Estaba en la cama tumbado, tan delgado e indefenso, sin moverse. Tomé su mano y la acaricié, le dije que ya estaba en casa y que debía despertar. La cuenta atrás de su vida se había puesto en marcha, quedaban tres días de suero, después quizás otros dos antes de morir deshidratado, aunque llegado el caso intentaría darle agua aunque estuviese inconsciente.

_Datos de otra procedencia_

(* Let $k,d,h$ be positive integers and let $C_h$ be a chain of size $h$. If $\mathcal{F}\subset[k]^d$ does not contain a strong copy of $C_h$, then $|\mathcal{F}|\le d(h-1)k^{d-1}$.
   Context: $[k]^d=\{1,\dots,k\}^d$ with the coordinatewise order $\preceq$. For a poset $Q$, a set $Q'\subset[k]^n$ is a strong copy of $Q$ if it is an induced copy of $Q$ (there is a bijection $\pi:Q\to Q'$ with $x\le_Q y\iff \pi(x)\preceq\pi(y)$) and moreover whenever $\mathbf x,\mathbf y\in Q'$ with $\mathbf x\prec\mathbf y$, we have $\mathbf x(i)<\mathbf y(i)$ for every coordinate $i\in[n]$ (incomparable pairs may share coordinates). *)

theory Defs
  imports "HOL-Library.FuncSet"
begin

definition grid :: "nat \<Rightarrow> nat \<Rightarrow> (nat \<Rightarrow> nat) set" where
  "grid k d = PiE {..<d} (\<lambda>_. {1..k})"

definition cw_le :: "nat \<Rightarrow> (nat \<Rightarrow> nat) \<Rightarrow> (nat \<Rightarrow> nat) \<Rightarrow> bool" where
  "cw_le d x y = (\<forall>i<d. x i \<le> y i)"

definition strong_copy :: "nat \<Rightarrow> 'a set \<Rightarrow> ('a \<Rightarrow> 'a \<Rightarrow> bool) \<Rightarrow> (nat \<Rightarrow> nat) set \<Rightarrow> bool" where
  "strong_copy d Q leQ Q' =
     ((\<exists>\<pi>. bij_betw \<pi> Q Q' \<and> (\<forall>x\<in>Q. \<forall>y\<in>Q. leQ x y \<longleftrightarrow> cw_le d (\<pi> x) (\<pi> y))) \<and>
      (\<forall>x\<in>Q'. \<forall>y\<in>Q'. cw_le d x y \<and> x \<noteq> y \<longrightarrow> (\<forall>i<d. x i < y i)))"

definition chain_poset :: "nat \<Rightarrow> nat set" where
  "chain_poset h = {..<h}"

end

theory Submission
  imports Defs "HOL-Library.Infinite_Set"
begin

text \<open>Cover [k]^d by the diagonal lines through the points whose minimal coordinate is 1.
  Every point is \<open>b + s\<cdot>(1,\<dots>,1)\<close> for such a base point \<open>b\<close> and some shift \<open>s\<close>; there are at most
  d k^(d-1) base points, as one coordinate of \<open>b\<close> equals 1. Distinct points on a
  diagonal line differ in every coordinate and are totally ordered, so any \<open>h\<close> of them form a
  strong copy of \<open>C\<^sub>h\<close>; hence each line meets \<open>F\<close> in at most \<open>h - 1\<close> points.\<close>

definition diag_shift :: "nat \<Rightarrow> (nat \<Rightarrow> nat) \<Rightarrow> nat \<Rightarrow> nat \<Rightarrow> nat" where
  "diag_shift d b s = (\<lambda>i. if i < d then b i + s else undefined)"

definition min_coord :: "nat \<Rightarrow> (nat \<Rightarrow> nat) \<Rightarrow> nat" where
  "min_coord d x = Min (x ` {..<d})"

definition diag_base :: "nat \<Rightarrow> (nat \<Rightarrow> nat) \<Rightarrow> nat \<Rightarrow> nat" where
  "diag_base d x = (\<lambda>i. if i < d then x i + 1 - min_coord d x else undefined)"

definition grid_face :: "nat \<Rightarrow> nat \<Rightarrow> nat \<Rightarrow> (nat \<Rightarrow> nat) set" where
  "grid_face k d j = PiE {..<d} (\<lambda>i. if i = j then {1} else {1..k})"

lemma card_le_card_image_mult:
  assumes "finite A" and "\<And>y. y \<in> f ` A \<Longrightarrow> card {x\<in>A. f x = y} \<le> m"
  shows "card A \<le> card (f ` A) * m"
proof -
  have "card A = card (\<Union>y\<in>f ` A. {x\<in>A. f x = y})"
    by (rule arg_cong[where f = card]) auto
  also have "\<dots> \<le> (\<Sum>y\<in>f ` A. card {x\<in>A. f x = y})"
    by (rule card_UN_le) (use assms(1) in simp)
  also have "\<dots> \<le> card (f ` A) * m"
    using sum_bounded_above[of "f ` A" "\<lambda>y. card {x\<in>A. f x = y}" m] assms(2) by simp
  finally show ?thesis .
qed

lemma cw_le_diag_shift_iff:
  "d > 0 \<Longrightarrow> cw_le d (diag_shift d b s) (diag_shift d b t) \<longleftrightarrow> s \<le> t"
  unfolding cw_le_def diag_shift_def by auto

lemma inj_diag_shift: "d > 0 \<Longrightarrow> inj (diag_shift d b)"
  by (rule injI) (metis cw_le_diag_shift_iff le_antisym order_refl)

lemma strong_copy_chain_diag_shift:
  assumes "d > 0" and "finite S"
  shows "strong_copy d (chain_poset (card S)) (\<le>) (diag_shift d b ` S)"
proof -
  obtain e where e: "bij_betw e {..<card S} S" "strict_mono_on {..<card S} e"
    using ex_bij_betw_strict_mono_card[OF assms(2)] by blast
  have e_mono_iff: "x \<le> y \<longleftrightarrow> e x \<le> e y" if "x < card S" "y < card S" for x y
  proof
    show "x \<le> y \<Longrightarrow> e x \<le> e y"
      using e(2) that by (metis le_less lessThan_iff strict_mono_onD)
    show "e x \<le> e y \<Longrightarrow> x \<le> y"
      using e(2) that by (metis not_le lessThan_iff strict_mono_onD)
  qed
  have "bij_betw (diag_shift d b \<circ> e) {..<card S} (diag_shift d b ` S)"
    using bij_betw_trans[OF e(1)] inj_diag_shift[OF assms(1)]
    by (metis bij_betw_imageI inj_on_subset subset_UNIV)
  moreover have "\<forall>x\<in>{..<card S}. \<forall>y\<in>{..<card S}.
      x \<le> y \<longleftrightarrow> cw_le d ((diag_shift d b \<circ> e) x) ((diag_shift d b \<circ> e) y)"
    using e_mono_iff cw_le_diag_shift_iff[OF assms(1)] by simp
  moreover have "\<forall>i<d. x i < y i"
    if "x \<in> diag_shift d b ` S" "y \<in> diag_shift d b ` S" "cw_le d x y" "x \<noteq> y" for x y
    using that cw_le_diag_shift_iff[OF assms(1)] by (auto simp: diag_shift_def)
  ultimately show ?thesis
    unfolding strong_copy_def chain_poset_def by blast
qed

lemma card_diag_line_le:
  assumes "d > 0" and "finite F"
    and "\<not> (\<exists>Q'\<subseteq>F. strong_copy d (chain_poset h) (\<le>) Q')"
  shows "card {s. diag_shift d b s \<in> F} \<le> h - 1"
proof (rule ccontr)
  let ?S = "{s. diag_shift d b s \<in> F}"
  have "finite ?S"
    using finite_vimageI[OF assms(2) inj_diag_shift[OF assms(1)]] by (simp add: vimage_def)
  assume "\<not> card ?S \<le> h - 1"
  then have "h \<le> card ?S" by linarith
  then obtain T where T: "T \<subseteq> ?S" "card T = h"
    by (rule obtain_subset_with_card_n)
  with \<open>finite ?S\<close> have "finite T" using finite_subset by blast
  then have "strong_copy d (chain_poset h) (\<le>) (diag_shift d b ` T)"
    using strong_copy_chain_diag_shift[OF assms(1)] T(2) by blast
  moreover have "diag_shift d b ` T \<subseteq> F" using T(1) by auto
  ultimately show False using assms(3) by blast
qed

lemma grid_memD:
  assumes "x \<in> grid k d"
  shows "\<And>i. i < d \<Longrightarrow> 1 \<le> x i \<and> x i \<le> k" and "\<And>i. \<not> i < d \<Longrightarrow> x i = undefined"
  using assms by (auto simp: grid_def PiE_iff extensional_def)

lemma min_coord_grid:
  assumes "d > 0" and "x \<in> grid k d"
  shows "\<forall>i<d. min_coord d x \<le> x i" and "\<exists>j<d. x j = min_coord d x" and "min_coord d x \<ge> 1"
proof -
  have "min_coord d x \<in> x ` {..<d}"
    unfolding min_coord_def using assms(1) by (intro Min_in) auto
  then show min_attained: "\<exists>j<d. x j = min_coord d x" by auto
  show "\<forall>i<d. min_coord d x \<le> x i" unfolding min_coord_def by simp
  from min_attained show "min_coord d x \<ge> 1"
    using grid_memD(1)[OF assms(2)] by metis
qed

lemma diag_shift_diag_base:
  assumes "d > 0" and "x \<in> grid k d"
  shows "diag_shift d (diag_base d x) (min_coord d x - 1) = x"
proof
  fix i
  show "diag_shift d (diag_base d x) (min_coord d x - 1) i = x i"
  proof (cases "i < d")
    case True
    then have "min_coord d x \<le> x i" "1 \<le> min_coord d x" using min_coord_grid[OF assms] by auto
    with True show ?thesis by (simp add: diag_shift_def diag_base_def)
  next
    case False
    then show ?thesis using grid_memD(2)[OF assms(2)] by (simp add: diag_shift_def)
  qed
qed

lemma diag_base_in_grid_face:
  assumes "d > 0" and "x \<in> grid k d"
  shows "\<exists>j<d. diag_base d x \<in> grid_face k d j"
proof -
  obtain j where j: "j < d" "x j = min_coord d x" using min_coord_grid[OF assms] by blast
  have "diag_base d x i \<in> (if i = j then {1} else {1..k})" if "i < d" for i
    using that j grid_memD(1)[OF assms(2) that] min_coord_grid[OF assms]
    by (auto simp: diag_base_def)
  then have "diag_base d x \<in> grid_face k d j"
    by (auto simp: grid_face_def PiE_iff extensional_def diag_base_def)
  with j(1) show ?thesis by blast
qed
lemma finite_grid: "finite (grid k d)"
  by (simp add: grid_def finite_PiE)

lemma card_grid_face: "card (grid_face k d j) = k ^ (d - 1)" if "j < d"
proof -
  have "card (grid_face k d j) = (\<Prod>i<d. if i = j then 1 else k)"
    by (simp add: grid_face_def card_PiE if_distrib cong: if_cong)
  also have "\<dots> = (\<Prod>i\<in>{..<d} - {j}. k)"
    using that by (subst prod.remove[of _ j]) auto
  finally show ?thesis using that by simp
qed

lemma card_diag_base_image:
  assumes "d > 0" and "F \<subseteq> grid k d"
  shows "card (diag_base d ` F) \<le> d * k ^ (d - 1)"
proof -
  have "diag_base d ` F \<subseteq> (\<Union>j<d. grid_face k d j)"
    using diag_base_in_grid_face[OF assms(1)] assms(2) by blast
  then have "card (diag_base d ` F) \<le> card (\<Union>j<d. grid_face k d j)"
    by (intro card_mono) (auto simp: grid_face_def finite_PiE)
  also have "\<dots> \<le> (\<Sum>j<d. card (grid_face k d j))" by (rule card_UN_le) simp
  also have "\<dots> = d * k ^ (d - 1)" by (simp add: card_grid_face)
  finally show ?thesis .
qed

lemma card_diag_base_fiber_le:
  assumes "d > 0" and "F \<subseteq> grid k d"
    and "\<not> (\<exists>Q'\<subseteq>F. strong_copy d (chain_poset h) (\<le>) Q')"
  shows "card {x\<in>F. diag_base d x = b} \<le> h - 1"
proof -
  have "finite F" using assms(2) finite_grid by (rule finite_subset)
  have "finite {s. diag_shift d b s \<in> F}"
    using finite_vimageI[OF \<open>finite F\<close> inj_diag_shift[OF assms(1)]] by (simp add: vimage_def)
  have "{x\<in>F. diag_base d x = b} \<subseteq> diag_shift d b ` {s. diag_shift d b s \<in> F}"
  proof
    fix x assume "x \<in> {x\<in>F. diag_base d x = b}"
    then have "x \<in> F" and "x = diag_shift d b (min_coord d x - 1)"
      using diag_shift_diag_base[OF assms(1)] assms(2) by auto
    then show "x \<in> diag_shift d b ` {s. diag_shift d b s \<in> F}" by (metis imageI mem_Collect_eq)
  qed
  then have "card {x\<in>F. diag_base d x = b} \<le> card (diag_shift d b ` {s. diag_shift d b s \<in> F})"
    using \<open>finite {s. diag_shift d b s \<in> F}\<close> by (intro card_mono) auto
  also have "\<dots> \<le> card {s. diag_shift d b s \<in> F}" by (rule card_image_le) fact
  also have "\<dots> \<le> h - 1" using card_diag_line_le[OF assms(1) \<open>finite F\<close> assms(3)] .
  finally show ?thesis .
qed

theorem lemma3p3:
  fixes k d h :: nat and F :: "(nat \<Rightarrow> nat) set"
  assumes "k > 0" and "d > 0" and "h > 0"
    and "F \<subseteq> grid k d"
    and "\<not> (\<exists>Q'\<subseteq>F. strong_copy d (chain_poset h) (\<le>) Q')"
  shows "card F \<le> d * (h - 1) * k ^ (d - 1)"
proof -
  have "finite F" using assms(4) finite_grid by (rule finite_subset)
  then have "card F \<le> card (diag_base d ` F) * (h - 1)"
    by (rule card_le_card_image_mult) (rule card_diag_base_fiber_le[OF assms(2,4,5)])
  also have "\<dots> \<le> d * k ^ (d - 1) * (h - 1)"
    using card_diag_base_image[OF assms(2,4)] by simp
  finally show ?thesis by (simp add: algebra_simps)
qed

end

Los niños entraron a la habitación junto a mí y me abrazaron, les daba miedo ver a José, su referente masculino hasta hacía poco, tumbado en la cama y con un aspecto tan desmejorado. Intenté explicarles que seguía siendo el mismo José que se había marchado a buscar a Iván, pero que estaba tan dormido que no había podido comer nada en un tiempo.

Pasé la tarde entrando y saliendo de la habitación, le hablaba e intentaba que reaccionase, pero al no haber ninguna señal de que me oyese, el miedo empezó a hacer mella en mí.

A última hora de la noche, con los niños ya en la cama, me senté en una silla al lado de su cama, le hablé despacio, más para desahogarme que para que él me escuchase.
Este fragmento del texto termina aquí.